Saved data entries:
-- -- --

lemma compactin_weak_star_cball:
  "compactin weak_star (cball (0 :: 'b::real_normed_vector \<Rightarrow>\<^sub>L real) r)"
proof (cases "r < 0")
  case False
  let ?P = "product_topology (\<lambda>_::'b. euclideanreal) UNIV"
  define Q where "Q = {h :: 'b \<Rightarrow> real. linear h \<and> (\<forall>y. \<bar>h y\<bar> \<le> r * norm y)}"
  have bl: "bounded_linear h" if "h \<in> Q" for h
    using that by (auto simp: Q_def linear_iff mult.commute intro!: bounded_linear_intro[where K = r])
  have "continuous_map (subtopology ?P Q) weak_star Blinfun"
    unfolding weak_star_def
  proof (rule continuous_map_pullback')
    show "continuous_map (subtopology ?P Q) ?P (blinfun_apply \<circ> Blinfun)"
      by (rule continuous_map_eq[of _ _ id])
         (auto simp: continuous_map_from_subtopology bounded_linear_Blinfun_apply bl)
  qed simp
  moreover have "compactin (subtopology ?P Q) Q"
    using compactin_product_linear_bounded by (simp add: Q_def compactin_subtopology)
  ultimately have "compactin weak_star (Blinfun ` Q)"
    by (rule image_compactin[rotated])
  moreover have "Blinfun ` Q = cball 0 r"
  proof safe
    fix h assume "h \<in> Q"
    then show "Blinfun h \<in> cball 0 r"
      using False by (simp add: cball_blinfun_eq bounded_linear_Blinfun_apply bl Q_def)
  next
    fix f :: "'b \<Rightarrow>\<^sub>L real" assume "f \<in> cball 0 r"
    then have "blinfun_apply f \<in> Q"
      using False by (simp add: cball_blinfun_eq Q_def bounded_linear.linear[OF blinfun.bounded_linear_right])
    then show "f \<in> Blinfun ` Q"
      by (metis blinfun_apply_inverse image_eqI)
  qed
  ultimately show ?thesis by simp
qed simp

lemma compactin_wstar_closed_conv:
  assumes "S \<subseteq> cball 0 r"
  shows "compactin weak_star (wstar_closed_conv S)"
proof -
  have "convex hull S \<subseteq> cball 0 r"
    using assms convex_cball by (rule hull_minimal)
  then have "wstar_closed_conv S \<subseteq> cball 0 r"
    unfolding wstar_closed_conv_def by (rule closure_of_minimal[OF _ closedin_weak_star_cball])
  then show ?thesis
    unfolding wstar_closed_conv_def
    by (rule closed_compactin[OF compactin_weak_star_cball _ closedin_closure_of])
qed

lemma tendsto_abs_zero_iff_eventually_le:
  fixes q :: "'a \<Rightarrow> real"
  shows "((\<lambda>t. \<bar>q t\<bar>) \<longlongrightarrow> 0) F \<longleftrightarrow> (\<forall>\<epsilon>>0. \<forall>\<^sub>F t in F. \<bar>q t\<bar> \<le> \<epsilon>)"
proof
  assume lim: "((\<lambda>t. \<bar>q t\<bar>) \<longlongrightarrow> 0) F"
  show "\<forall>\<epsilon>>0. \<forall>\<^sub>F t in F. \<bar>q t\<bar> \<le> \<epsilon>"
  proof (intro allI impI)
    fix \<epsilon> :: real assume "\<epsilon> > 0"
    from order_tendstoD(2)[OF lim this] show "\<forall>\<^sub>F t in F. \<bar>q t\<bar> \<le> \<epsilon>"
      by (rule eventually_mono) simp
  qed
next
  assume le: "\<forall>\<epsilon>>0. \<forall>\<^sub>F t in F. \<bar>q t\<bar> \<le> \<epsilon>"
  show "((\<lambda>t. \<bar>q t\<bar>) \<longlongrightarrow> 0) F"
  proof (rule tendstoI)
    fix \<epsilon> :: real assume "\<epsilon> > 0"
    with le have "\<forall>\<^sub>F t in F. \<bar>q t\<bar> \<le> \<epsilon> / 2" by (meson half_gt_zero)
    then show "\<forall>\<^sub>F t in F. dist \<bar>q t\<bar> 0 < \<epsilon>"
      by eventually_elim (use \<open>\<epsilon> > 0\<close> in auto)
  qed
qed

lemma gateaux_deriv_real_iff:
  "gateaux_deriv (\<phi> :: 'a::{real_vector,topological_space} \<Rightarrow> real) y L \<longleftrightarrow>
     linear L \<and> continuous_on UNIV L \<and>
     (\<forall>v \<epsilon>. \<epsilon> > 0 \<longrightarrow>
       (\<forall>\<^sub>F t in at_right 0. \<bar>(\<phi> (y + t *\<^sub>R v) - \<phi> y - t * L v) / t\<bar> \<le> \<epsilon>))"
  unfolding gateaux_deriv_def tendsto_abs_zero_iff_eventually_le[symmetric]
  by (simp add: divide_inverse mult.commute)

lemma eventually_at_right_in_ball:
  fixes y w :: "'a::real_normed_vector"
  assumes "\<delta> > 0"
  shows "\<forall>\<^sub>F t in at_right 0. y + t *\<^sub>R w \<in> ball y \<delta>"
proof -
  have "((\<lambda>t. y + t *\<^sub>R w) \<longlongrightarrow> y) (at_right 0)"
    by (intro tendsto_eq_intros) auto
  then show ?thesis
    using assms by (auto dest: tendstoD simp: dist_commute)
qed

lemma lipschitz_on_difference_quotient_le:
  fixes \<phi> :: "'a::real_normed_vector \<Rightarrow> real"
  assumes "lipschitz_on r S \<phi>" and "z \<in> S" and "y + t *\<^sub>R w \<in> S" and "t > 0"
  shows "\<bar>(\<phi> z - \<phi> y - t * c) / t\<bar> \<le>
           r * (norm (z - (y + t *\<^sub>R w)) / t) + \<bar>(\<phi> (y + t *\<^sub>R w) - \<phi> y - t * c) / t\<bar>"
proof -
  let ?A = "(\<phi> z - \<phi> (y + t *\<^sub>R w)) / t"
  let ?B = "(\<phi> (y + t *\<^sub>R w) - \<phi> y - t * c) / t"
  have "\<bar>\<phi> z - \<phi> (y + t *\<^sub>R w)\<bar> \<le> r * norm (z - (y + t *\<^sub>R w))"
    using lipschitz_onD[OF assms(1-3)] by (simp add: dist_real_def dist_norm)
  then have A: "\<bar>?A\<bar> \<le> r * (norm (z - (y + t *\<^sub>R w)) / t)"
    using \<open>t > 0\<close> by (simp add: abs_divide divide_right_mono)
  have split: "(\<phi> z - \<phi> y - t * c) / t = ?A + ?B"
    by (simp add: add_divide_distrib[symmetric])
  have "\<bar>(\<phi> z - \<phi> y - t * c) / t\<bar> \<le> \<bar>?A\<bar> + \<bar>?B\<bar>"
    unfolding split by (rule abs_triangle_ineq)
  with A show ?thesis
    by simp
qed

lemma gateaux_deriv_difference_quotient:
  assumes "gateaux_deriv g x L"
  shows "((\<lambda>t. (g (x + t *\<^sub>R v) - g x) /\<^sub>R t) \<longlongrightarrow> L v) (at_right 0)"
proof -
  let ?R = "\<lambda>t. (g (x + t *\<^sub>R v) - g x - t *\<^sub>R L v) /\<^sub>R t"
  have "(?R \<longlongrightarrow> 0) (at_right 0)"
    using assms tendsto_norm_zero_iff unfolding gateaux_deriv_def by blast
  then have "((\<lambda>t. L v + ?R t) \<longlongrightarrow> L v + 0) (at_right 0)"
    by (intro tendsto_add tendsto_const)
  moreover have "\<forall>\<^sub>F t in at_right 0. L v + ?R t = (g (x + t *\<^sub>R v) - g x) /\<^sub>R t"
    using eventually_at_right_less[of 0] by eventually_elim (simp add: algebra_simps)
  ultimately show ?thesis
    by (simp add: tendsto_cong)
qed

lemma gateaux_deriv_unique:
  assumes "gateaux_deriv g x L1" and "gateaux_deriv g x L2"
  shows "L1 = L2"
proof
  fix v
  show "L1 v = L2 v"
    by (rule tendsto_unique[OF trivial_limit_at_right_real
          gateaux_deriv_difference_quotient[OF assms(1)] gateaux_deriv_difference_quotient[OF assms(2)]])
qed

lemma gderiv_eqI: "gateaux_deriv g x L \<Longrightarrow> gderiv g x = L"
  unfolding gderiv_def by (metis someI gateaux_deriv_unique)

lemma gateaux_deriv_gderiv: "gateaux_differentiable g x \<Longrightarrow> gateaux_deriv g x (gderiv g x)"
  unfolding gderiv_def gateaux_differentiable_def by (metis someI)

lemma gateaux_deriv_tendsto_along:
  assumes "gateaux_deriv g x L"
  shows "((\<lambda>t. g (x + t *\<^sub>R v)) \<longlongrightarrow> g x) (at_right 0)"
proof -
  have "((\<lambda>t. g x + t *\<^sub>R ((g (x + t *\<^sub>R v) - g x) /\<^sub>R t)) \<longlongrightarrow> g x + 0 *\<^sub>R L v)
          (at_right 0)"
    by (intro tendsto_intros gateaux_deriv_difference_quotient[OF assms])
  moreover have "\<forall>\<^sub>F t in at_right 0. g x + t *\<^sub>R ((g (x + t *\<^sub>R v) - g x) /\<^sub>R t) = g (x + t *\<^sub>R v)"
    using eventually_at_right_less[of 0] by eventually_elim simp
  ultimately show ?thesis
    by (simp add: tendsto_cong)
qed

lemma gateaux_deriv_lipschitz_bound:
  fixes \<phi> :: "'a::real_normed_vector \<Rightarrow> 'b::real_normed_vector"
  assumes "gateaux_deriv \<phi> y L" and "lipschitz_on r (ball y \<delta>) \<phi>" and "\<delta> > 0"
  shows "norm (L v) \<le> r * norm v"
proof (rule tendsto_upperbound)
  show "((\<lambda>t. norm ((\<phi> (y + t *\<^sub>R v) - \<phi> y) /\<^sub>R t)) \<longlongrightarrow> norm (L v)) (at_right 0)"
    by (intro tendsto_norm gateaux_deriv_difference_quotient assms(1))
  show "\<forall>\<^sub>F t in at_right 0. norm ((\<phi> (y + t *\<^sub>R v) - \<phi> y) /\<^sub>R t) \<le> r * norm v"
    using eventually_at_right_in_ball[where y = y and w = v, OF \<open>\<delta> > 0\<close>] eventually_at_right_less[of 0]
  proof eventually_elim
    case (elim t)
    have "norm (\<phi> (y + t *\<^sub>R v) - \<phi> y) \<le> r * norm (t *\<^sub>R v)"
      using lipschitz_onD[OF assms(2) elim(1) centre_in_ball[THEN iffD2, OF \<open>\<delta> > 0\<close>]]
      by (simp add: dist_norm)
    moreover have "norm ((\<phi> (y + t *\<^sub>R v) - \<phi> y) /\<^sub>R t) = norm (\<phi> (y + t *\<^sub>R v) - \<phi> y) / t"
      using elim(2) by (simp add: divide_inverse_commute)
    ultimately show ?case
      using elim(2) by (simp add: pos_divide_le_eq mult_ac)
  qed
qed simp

-- -- --

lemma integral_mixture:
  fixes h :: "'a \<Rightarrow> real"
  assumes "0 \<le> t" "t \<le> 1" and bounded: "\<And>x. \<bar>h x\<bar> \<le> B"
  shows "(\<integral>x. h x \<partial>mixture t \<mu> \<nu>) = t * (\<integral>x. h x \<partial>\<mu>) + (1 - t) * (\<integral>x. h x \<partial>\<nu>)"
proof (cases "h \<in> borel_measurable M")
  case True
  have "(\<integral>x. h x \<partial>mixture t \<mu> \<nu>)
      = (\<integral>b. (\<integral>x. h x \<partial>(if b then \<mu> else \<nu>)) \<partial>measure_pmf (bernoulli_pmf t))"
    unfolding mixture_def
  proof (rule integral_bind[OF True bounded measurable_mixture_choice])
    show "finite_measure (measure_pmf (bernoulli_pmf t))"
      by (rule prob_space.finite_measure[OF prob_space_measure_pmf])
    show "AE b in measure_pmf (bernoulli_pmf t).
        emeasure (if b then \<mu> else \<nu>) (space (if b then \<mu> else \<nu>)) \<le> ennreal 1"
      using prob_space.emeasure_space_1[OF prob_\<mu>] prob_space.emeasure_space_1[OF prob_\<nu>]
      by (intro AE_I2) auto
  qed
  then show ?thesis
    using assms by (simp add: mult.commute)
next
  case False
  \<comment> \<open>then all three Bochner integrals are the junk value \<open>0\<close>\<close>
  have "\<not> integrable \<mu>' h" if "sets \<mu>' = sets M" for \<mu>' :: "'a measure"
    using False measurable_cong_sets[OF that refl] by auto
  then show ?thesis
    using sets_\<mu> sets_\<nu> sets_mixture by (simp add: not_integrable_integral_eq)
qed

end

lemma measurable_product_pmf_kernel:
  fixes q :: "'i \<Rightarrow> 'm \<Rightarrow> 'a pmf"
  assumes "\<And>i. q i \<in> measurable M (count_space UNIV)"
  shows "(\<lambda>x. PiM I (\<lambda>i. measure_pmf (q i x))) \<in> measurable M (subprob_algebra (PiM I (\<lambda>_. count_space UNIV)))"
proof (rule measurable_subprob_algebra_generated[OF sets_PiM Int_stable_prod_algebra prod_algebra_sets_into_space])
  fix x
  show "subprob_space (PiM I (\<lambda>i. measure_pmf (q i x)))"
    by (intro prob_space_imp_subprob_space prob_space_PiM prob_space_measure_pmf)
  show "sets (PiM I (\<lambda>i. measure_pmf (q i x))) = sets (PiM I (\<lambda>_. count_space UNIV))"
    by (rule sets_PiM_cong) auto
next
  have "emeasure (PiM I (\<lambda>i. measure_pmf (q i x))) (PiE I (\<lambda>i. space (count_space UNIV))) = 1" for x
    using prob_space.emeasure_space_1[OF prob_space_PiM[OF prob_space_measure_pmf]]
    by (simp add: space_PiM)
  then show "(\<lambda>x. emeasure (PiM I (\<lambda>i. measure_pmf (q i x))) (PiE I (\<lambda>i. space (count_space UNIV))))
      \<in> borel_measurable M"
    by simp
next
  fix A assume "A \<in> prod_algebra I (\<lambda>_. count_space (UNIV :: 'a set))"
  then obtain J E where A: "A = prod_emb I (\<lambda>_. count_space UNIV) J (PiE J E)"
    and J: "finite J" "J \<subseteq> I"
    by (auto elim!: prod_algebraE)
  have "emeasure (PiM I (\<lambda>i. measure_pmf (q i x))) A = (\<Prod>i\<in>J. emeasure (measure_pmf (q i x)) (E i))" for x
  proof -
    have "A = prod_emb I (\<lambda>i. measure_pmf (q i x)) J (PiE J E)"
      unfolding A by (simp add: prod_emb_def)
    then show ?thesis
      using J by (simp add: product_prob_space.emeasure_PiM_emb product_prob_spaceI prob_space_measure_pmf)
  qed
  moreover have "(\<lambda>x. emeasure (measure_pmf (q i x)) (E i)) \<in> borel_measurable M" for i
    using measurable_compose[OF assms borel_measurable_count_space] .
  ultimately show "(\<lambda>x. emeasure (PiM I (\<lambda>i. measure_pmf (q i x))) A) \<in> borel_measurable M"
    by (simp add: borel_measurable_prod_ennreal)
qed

-- -- --

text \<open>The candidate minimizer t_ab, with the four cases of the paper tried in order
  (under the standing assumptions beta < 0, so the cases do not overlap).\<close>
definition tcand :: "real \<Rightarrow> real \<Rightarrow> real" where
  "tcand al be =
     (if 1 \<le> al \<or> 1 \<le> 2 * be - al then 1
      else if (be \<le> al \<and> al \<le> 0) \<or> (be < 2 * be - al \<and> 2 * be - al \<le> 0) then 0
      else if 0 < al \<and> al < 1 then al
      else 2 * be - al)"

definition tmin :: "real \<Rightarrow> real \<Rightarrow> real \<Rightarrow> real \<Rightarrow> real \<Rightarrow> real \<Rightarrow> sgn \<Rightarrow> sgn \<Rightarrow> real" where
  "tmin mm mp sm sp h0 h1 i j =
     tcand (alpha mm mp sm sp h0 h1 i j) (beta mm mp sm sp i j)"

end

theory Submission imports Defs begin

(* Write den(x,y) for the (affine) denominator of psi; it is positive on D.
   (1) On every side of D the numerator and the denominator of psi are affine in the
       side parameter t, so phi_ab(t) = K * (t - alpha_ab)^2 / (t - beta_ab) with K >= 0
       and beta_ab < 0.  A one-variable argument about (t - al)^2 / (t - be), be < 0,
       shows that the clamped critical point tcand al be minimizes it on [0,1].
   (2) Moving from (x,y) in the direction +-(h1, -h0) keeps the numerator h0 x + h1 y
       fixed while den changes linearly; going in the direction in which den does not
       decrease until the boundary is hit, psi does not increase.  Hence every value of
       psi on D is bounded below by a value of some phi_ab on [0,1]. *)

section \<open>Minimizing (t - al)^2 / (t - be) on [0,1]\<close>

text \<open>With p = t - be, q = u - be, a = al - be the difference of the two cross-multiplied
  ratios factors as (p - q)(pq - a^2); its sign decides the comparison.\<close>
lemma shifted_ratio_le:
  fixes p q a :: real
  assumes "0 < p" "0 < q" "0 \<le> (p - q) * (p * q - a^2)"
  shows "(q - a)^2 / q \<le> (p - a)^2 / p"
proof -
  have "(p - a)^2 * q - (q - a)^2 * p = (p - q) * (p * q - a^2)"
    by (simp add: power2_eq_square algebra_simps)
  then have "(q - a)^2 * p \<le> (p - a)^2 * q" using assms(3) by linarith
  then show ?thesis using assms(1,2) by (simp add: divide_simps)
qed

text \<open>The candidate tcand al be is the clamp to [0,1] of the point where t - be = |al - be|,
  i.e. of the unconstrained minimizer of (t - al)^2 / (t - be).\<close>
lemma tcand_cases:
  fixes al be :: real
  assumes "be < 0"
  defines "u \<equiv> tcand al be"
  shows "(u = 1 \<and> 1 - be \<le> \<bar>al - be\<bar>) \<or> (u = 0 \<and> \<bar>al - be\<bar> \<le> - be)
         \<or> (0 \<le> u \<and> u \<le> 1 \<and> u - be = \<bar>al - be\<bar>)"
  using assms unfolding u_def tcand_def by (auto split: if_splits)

-- -- --

◆ Task item: Tally each line in the data that holds the word "candidate"; write only the total.

◆ Answer to this problem: 2